Within the material below, locate the line with "using steps 1 by simp" and the line with "0 \<le> \<kappa>", then return those two lines and all lines between them, exactly as written.

########

lemma better_response_step_potential_drop:
  assumes "congestion_game n R \<Sigma>" "is_profile n \<Sigma> \<sigma>" "better_response_step n \<Sigma> \<kappa> \<sigma> \<sigma>'"
  obtains i s s' ld where "i < n" "s \<in> \<Sigma> i" "s' \<in> \<Sigma> i" "ld \<in> PiE (sym_diff s s') (\<lambda>_. {1..n})"
    "rosenthal_potential n \<kappa> R \<sigma> - rosenthal_potential n \<kappa> R \<sigma>' = improvement \<kappa> s s' ld"
    "0 < improvement \<kappa> s s' ld"
proof -
  obtain i s' where i: "i < n" "s' \<in> \<Sigma> i" "\<sigma>' = \<sigma>(i := s')"
    and drop: "rosenthal_potential n \<kappa> R \<sigma> - rosenthal_potential n \<kappa> R \<sigma>'
       = improvement \<kappa> (\<sigma> i) s' (entry_load n \<sigma> i)"
    and pos: "0 < improvement \<kappa> (\<sigma> i) s' (entry_load n \<sigma> i)"
    by (rule better_response_step_decreases_potential[OF assms])
  define ld where "ld = restrict (entry_load n \<sigma> i) (sym_diff (\<sigma> i) s')"
  have "ld \<in> PiE (sym_diff (\<sigma> i) s') (\<lambda>_. {1..n})"
    using entry_load_le[OF i(1)] unfolding ld_def entry_load_def by auto
  moreover have "improvement \<kappa> (\<sigma> i) s' ld = improvement \<kappa> (\<sigma> i) s' (entry_load n \<sigma> i)"
    unfolding ld_def by (rule improvement_cong) simp
  moreover have "\<sigma> i \<in> \<Sigma> i" using assms(2) i(1) unfolding is_profile_def by simp
  ultimately show ?thesis using that[OF i(1) _ i(2)] drop pos by simp
qed

lemma better_response_run_is_profile:
  assumes "is_profile n \<Sigma> (p 0)" "\<forall>t<L. better_response_step n \<Sigma> \<kappa> (p t) (p (Suc t))" "t \<le> L"
  shows "is_profile n \<Sigma> (p t)"
  using assms(3)
proof (induction t)
  case (Suc t)
  then have "t < L" by simp
  then obtain i s' where "i < n" "s' \<in> \<Sigma> i" "p (Suc t) = (p t)(i := s')"
    using assms(2) unfolding better_response_step_def by blast
  with Suc show ?case unfolding is_profile_def by auto
qed (use assms(1) in simp)

lemma better_response_run_potential_decreasing:
  assumes "congestion_game n R \<Sigma>" "is_profile n \<Sigma> (p 0)"
    and steps: "\<forall>t<L. better_response_step n \<Sigma> \<kappa> (p t) (p (Suc t))"
    and "t < t'" "t' \<le> L"
  shows "rosenthal_potential n \<kappa> R (p t') < rosenthal_potential n \<kappa> R (p t)"
  using assms(4,5)
proof (induction t' rule: less_Suc_induct)
  case (1 u)
  have "is_profile n \<Sigma> (p u)"
    using better_response_run_is_profile[OF assms(2) steps] 1 by simp
  moreover have "better_response_step n \<Sigma> \<kappa> (p u) (p (Suc u))"
    using steps 1 by simp
  ultimately show ?case
    by (rule better_response_step_decreases_potential[OF assms(1)]) (simp del: fun_upd_apply)
next
  case (2 u v w)
  then show ?case by simp
qed

lemma better_response_run_length_lt:
  assumes "congestion_game n R \<Sigma>" "is_profile n \<Sigma> (p 0)"
    and "\<forall>t<L. better_response_step n \<Sigma> \<kappa> (p t) (p (Suc t))"
  shows "L < (n + 1) ^ card R"
proof -
  have "finite R" using assms(1) unfolding congestion_game_def by simp
  define loads where "loads t = restrict (load n (p t)) R" for t
  have "rosenthal_potential n \<kappa> R (p t) = (\<Sum>r\<in>R. \<Sum>l=1..loads t r. \<kappa> r l)" for t
    unfolding rosenthal_potential_def loads_def by (intro sum.cong) auto
  then have "inj_on loads {0..L}"
    using better_response_run_potential_decreasing[OF assms]
    by (intro inj_onI) (metis atLeastAtMost_iff less_irrefl linorder_neqE_nat)
  moreover have "loads ` {0..L} \<subseteq> PiE R (\<lambda>_. {0..n})"
    unfolding loads_def using load_le by auto
  ultimately have "card {0..L} \<le> card (PiE R (\<lambda>_. {0..n::nat}))"
    using \<open>finite R\<close> by (intro card_inj_on_le) (auto simp: finite_PiE)
  then show ?thesis using \<open>finite R\<close> by (simp add: card_PiE)
qed

lemma better_response_run_has_small_improvement:
  assumes "congestion_game n R \<Sigma>" "0 \<le> Lm" "\<forall>r\<in>R. \<forall>l\<in>{1..n}. 0 \<le> \<kappa> r l \<and> \<kappa> r l \<le> Lm"
    and "is_profile n \<Sigma> (p 0)" and steps: "\<forall>u<L. better_response_step n \<Sigma> \<kappa> (p u) (p (Suc u))"
    and "t \<in> {1..L}"
  shows "\<exists>i<n. \<exists>s\<in>\<Sigma> i. \<exists>s'\<in>\<Sigma> i. \<exists>ld\<in>PiE (sym_diff s s') (\<lambda>_. {1..n}).
           0 < improvement \<kappa> s s' ld \<and> improvement \<kappa> s s' ld \<le> real (card R) * real n * Lm / real t"
proof (rule ccontr)
  assume no_small: "\<not> ?thesis"
  define D where "D = real (card R) * real n * Lm"
  define \<Phi> where "\<Phi> u = rosenthal_potential n \<kappa> R (p u)" for u
  have large_drop: "D / real t < \<Phi> u - \<Phi> (Suc u)" if "u < L" for u
  proof -
    have "is_profile n \<Sigma> (p u)"
      using better_response_run_is_profile[OF assms(4) steps] that by simp
    moreover have "better_response_step n \<Sigma> \<kappa> (p u) (p (Suc u))"
      using steps that by simp
    ultimately obtain i s s' ld where "i < n" "s \<in> \<Sigma> i" "s' \<in> \<Sigma> i" "ld \<in> PiE (sym_diff s s') (\<lambda>_. {1..n})"
      and drop: "\<Phi> u - \<Phi> (Suc u) = improvement \<kappa> s s' ld" and "0 < improvement \<kappa> s s' ld"
      unfolding \<Phi>_def by (rule better_response_step_potential_drop[OF assms(1)])
    show ?thesis
    proof (rule ccontr)
      assume "\<not> ?thesis"
      then have "improvement \<kappa> s s' ld \<le> D / real t" using drop by simp
      then show False
        using no_small \<open>i < n\<close> \<open>s \<in> \<Sigma> i\<close> \<open>s' \<in> \<Sigma> i\<close> \<open>ld \<in> _\<close> \<open>0 < improvement \<kappa> s s' ld\<close>
        unfolding D_def by blast
    qed
  qed
  have "real L * (D / real t) = (\<Sum>u<L. D / real t)" by simp
  also have "\<dots> < (\<Sum>u<L. \<Phi> u - \<Phi> (Suc u))"
    using assms(6) large_drop by (intro sum_strict_mono) (auto simp: lessThan_empty_iff)
  also have "\<dots> = \<Phi> 0 - \<Phi> L"
    by (rule sum_lessThan_telescope')
  also have "\<dots> \<le> D"
    using rosenthal_potential_bounds[OF _ assms(2,3)] assms(1)
    unfolding \<Phi>_def D_def congestion_game_def by (simp add: algebra_simps add_increasing)
  finally have "real L * (D / real t) < D" .
  moreover have "D \<le> real L * (D / real t)"
  proof -
    have "D * real t \<le> D * real L"
      using assms(2,6) unfolding D_def by (intro mult_left_mono) auto
    then show ?thesis using assms(6) by (simp add: field_simps)
  qed
  ultimately show False by simp
qed

section \<open>Expected length of better-response runs\<close>

definition small_improvement_event ::
    "'a measure \<Rightarrow> nat \<Rightarrow> (nat \<Rightarrow> nat set set) \<Rightarrow> ('a \<Rightarrow> nat \<Rightarrow> nat \<Rightarrow> real) \<Rightarrow> real \<Rightarrow> 'a set" where
  "small_improvement_event M n \<Sigma> lat \<epsilon> =
     (\<Union>i<n. \<Union>s\<in>\<Sigma> i. \<Union>s'\<in>\<Sigma> i. \<Union>ld\<in>PiE (sym_diff s s') (\<lambda>_. {1..n}).
        {x \<in> space M. 0 < improvement (lat x) s s' ld \<and> improvement (lat x) s s' ld \<le> \<epsilon>})"

lemma harm_le_one_plus_ln:
  assumes "1 \<le> T"
  shows "(harm T :: real) \<le> 1 + ln (real T)"
  using assms
proof (induction T rule: dec_induct)
  case base
  then show ?case by (simp add: harm_def)
next
  case (step T)
  have "1 / real (Suc T) \<le> ln (real (Suc T)) - ln (real T)"
  proof -
    have "ln (real T / real (Suc T)) \<le> real T / real (Suc T) - 1"
      using step.hyps by (intro ln_le_minus_one) auto
    also have "\<dots> = - (1 / real (Suc T))" by (simp add: field_simps)
    finally show ?thesis using step.hyps by (simp add: ln_div)
  qed
  then show ?case using step.IH by (simp add: harm_Suc inverse_eq_divide)
qed

lemma max_br_steps_le_sum_indicator:
  assumes "congestion_game n R \<Sigma>" "0 \<le> Lm" "x \<in> space M"
    and "\<forall>r\<in>R. \<forall>l\<in>{1..n}. 0 \<le> lat x r l \<and> lat x r l \<le> Lm"
  shows "max_br_steps n \<Sigma> (lat x)
    \<le> (\<Sum>t=1..(n + 1) ^ card R.
          indicator (small_improvement_event M n \<Sigma> lat (real (card R) * real n * Lm / real t)) x)"
proof -
  let ?E = "\<lambda>t. small_improvement_event M n \<Sigma> lat (real (card R) * real n * Lm / real t)"
  have "of_nat L \<le> (\<Sum>t=1..(n + 1) ^ card R. indicator (?E t) x :: ennreal)"
    if run: "is_profile n \<Sigma> (p 0)" "\<forall>t<L. better_response_step n \<Sigma> (lat x) (p t) (p (Suc t))" for L p
  proof -
    have "x \<in> ?E t" if t: "t \<in> {1..L}" for t
    proof -
      obtain i s s' ld where "i < n" "s \<in> \<Sigma> i" "s' \<in> \<Sigma> i" "ld \<in> PiE (sym_diff s s') (\<lambda>_. {1..n})"
        "0 < improvement (lat x) s s' ld" "improvement (lat x) s s' ld \<le> real (card R) * real n * Lm / real t"
        using better_response_run_has_small_improvement[where p = p, OF assms(1,2,4) run t] by blast
      then show ?thesis unfolding small_improvement_event_def using assms(3) by blast
    qed
    then have "of_nat L = (\<Sum>t=1..L. indicator (?E t) x :: ennreal)"
      by (simp add: indicator_def)
    also have "\<dots> \<le> (\<Sum>t=1..(n + 1) ^ card R. indicator (?E t) x)"
      using better_response_run_length_lt[OF assms(1) run] by (intro sum_mono2) auto
    finally show ?thesis .
  qed
  then show ?thesis unfolding max_br_steps_def by (intro SUP_least) auto
qed

lemma nn_integral_max_br_steps_le:
  assumes "congestion_game n R \<Sigma>" "0 \<le> Lm" "0 \<le> c"
    and "AE x in M. \<forall>r\<in>R. \<forall>l\<in>{1..n}. 0 \<le> lat x r l \<and> lat x r l \<le> Lm"
    and events_sets: "\<And>\<epsilon>. 0 \<le> \<epsilon> \<Longrightarrow> small_improvement_event M n \<Sigma> lat \<epsilon> \<in> sets M"
    and events_small: "\<And>\<epsilon>. 0 \<le> \<epsilon> \<Longrightarrow> emeasure M (small_improvement_event M n \<Sigma> lat \<epsilon>) \<le> ennreal (c * \<epsilon>)"
  shows "(\<integral>\<^sup>+x. max_br_steps n \<Sigma> (lat x) \<partial>M)
    \<le> ennreal (c * (real (card R) * real n * Lm) * (1 + real (card R) * ln (real n + 1)))"
proof -
  define T where "T = (n + 1) ^ card R"
  define D where "D = real (card R) * real n * Lm"
  let ?E = "\<lambda>t. small_improvement_event M n \<Sigma> lat (D / real t)"
  have "0 \<le> D" "1 \<le> T" unfolding D_def T_def using assms(2) by simp_all
  have "(\<integral>\<^sup>+x. max_br_steps n \<Sigma> (lat x) \<partial>M) \<le> (\<integral>\<^sup>+x. (\<Sum>t=1..T. indicator (?E t) x) \<partial>M)"
  proof (intro nn_integral_mono_AE)
    show "AE x in M. max_br_steps n \<Sigma> (lat x) \<le> (\<Sum>t=1..T. indicator (?E t) x)"
      using assms(4) AE_space
    proof eventually_elim
      case (elim x)
      show ?case
        using max_br_steps_le_sum_indicator[where lat = lat, OF assms(1,2) elim(2,1)] unfolding T_def D_def .
    qed
  qed
  also have "\<dots> = (\<Sum>t=1..T. emeasure M (?E t))"
    using events_sets \<open>0 \<le> D\<close> by (subst nn_integral_sum) auto
  also have "\<dots> \<le> (\<Sum>t=1..T. ennreal (c * (D / real t)))"
    using events_small[of "D / real _"] \<open>0 \<le> D\<close> by (intro sum_mono) simp
  also have "\<dots> = ennreal (c * D * harm T)"
    using assms(3) \<open>0 \<le> D\<close>
    by (subst sum_ennreal) (auto simp: harm_def sum_distrib_left inverse_eq_divide)
  also have "\<dots> \<le> ennreal (c * D * (1 + real (card R) * ln (real n + 1)))"
    using harm_le_one_plus_ln[OF \<open>1 \<le> T\<close>] assms(3) \<open>0 \<le> D\<close>
    unfolding T_def by (intro ennreal_leI mult_left_mono) (auto simp: ln_realpow add.commute)
  finally show ?thesis unfolding D_def .
qed

section \<open>Smoothed parameters\<close>

lemma prob_space_smoothing_density:
  assumes "smoothing_density \<phi> g"
  shows "prob_space (density lborel (\<lambda>x. ennreal (g x)))"
  using assms unfolding smoothing_density_def by (intro prob_spaceI) (simp add: emeasure_density)

lemma smoothing_density_window_le:
  assumes "smoothing_density \<phi> g" "c = 1 \<or> c = -1" "0 \<le> \<epsilon>"
  shows "emeasure (density lborel (\<lambda>x. ennreal (g x))) {y. 0 < c * y + a \<and> c * y + a \<le> \<epsilon>}
    \<le> ennreal (\<phi> * \<epsilon>)"
proof -
  have g: "g \<in> borel_measurable lborel" "\<And>x. 0 \<le> g x \<and> g x \<le> \<phi>"
    using assms(1) unfolding smoothing_density_def by auto
  define W where "W = {y. 0 < c * y + a \<and> c * y + a \<le> \<epsilon>}"
  have "W = {-a<..\<epsilon> - a} \<or> W = {a - \<epsilon>..<a}"
    using assms(2) unfolding W_def by (auto simp: algebra_simps)
  then have W: "W \<in> sets lborel" "emeasure lborel W = ennreal \<epsilon>"
    using assms(3) by auto
  have "emeasure (density lborel (\<lambda>x. ennreal (g x))) W = (\<integral>\<^sup>+y. ennreal (g y) * indicator W y \<partial>lborel)"
    using g(1) W(1) by (simp add: emeasure_density)
  also have "\<dots> \<le> (\<integral>\<^sup>+y. ennreal \<phi> * indicator W y \<partial>lborel)"
    using g(2) by (intro nn_integral_mono) (auto simp: indicator_def intro: ennreal_leI)
  also have "\<dots> = ennreal (\<phi> * \<epsilon>)"
    using W g(2)[of 0] assms(3) by (simp add: nn_integral_cmult_indicator ennreal_mult)
  finally show ?thesis unfolding W_def .
qed

lemma measurable_param_space_component:
  assumes "w \<in> I"
  shows "(\<lambda>x. x w) \<in> borel_measurable (param_space I f)"
  using measurable_component_singleton[OF assms, of "\<lambda>i. density lborel (\<lambda>x. ennreal (f i x))"]
  unfolding param_space_def by (simp cong: measurable_cong_sets)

########

* RESULT FOR THIS TASK *
    using steps 1 by simp
  ultimately show ?case
    by (rule better_response_step_decreases_potential[OF assms(1)]) (simp del: fun_upd_apply)
next
  case (2 u v w)
  then show ?case by simp
qed

lemma better_response_run_length_lt:
  assumes "congestion_game n R \<Sigma>" "is_profile n \<Sigma> (p 0)"
    and "\<forall>t<L. better_response_step n \<Sigma> \<kappa> (p t) (p (Suc t))"
  shows "L < (n + 1) ^ card R"
proof -
  have "finite R" using assms(1) unfolding congestion_game_def by simp
  define loads where "loads t = restrict (load n (p t)) R" for t
  have "rosenthal_potential n \<kappa> R (p t) = (\<Sum>r\<in>R. \<Sum>l=1..loads t r. \<kappa> r l)" for t
    unfolding rosenthal_potential_def loads_def by (intro sum.cong) auto
  then have "inj_on loads {0..L}"
    using better_response_run_potential_decreasing[OF assms]
    by (intro inj_onI) (metis atLeastAtMost_iff less_irrefl linorder_neqE_nat)
  moreover have "loads ` {0..L} \<subseteq> PiE R (\<lambda>_. {0..n})"
    unfolding loads_def using load_le by auto
  ultimately have "card {0..L} \<le> card (PiE R (\<lambda>_. {0..n::nat}))"
    using \<open>finite R\<close> by (intro card_inj_on_le) (auto simp: finite_PiE)
  then show ?thesis using \<open>finite R\<close> by (simp add: card_PiE)
qed

lemma better_response_run_has_small_improvement:
  assumes "congestion_game n R \<Sigma>" "0 \<le> Lm" "\<forall>r\<in>R. \<forall>l\<in>{1..n}. 0 \<le> \<kappa> r l \<and> \<kappa> r l \<le> Lm"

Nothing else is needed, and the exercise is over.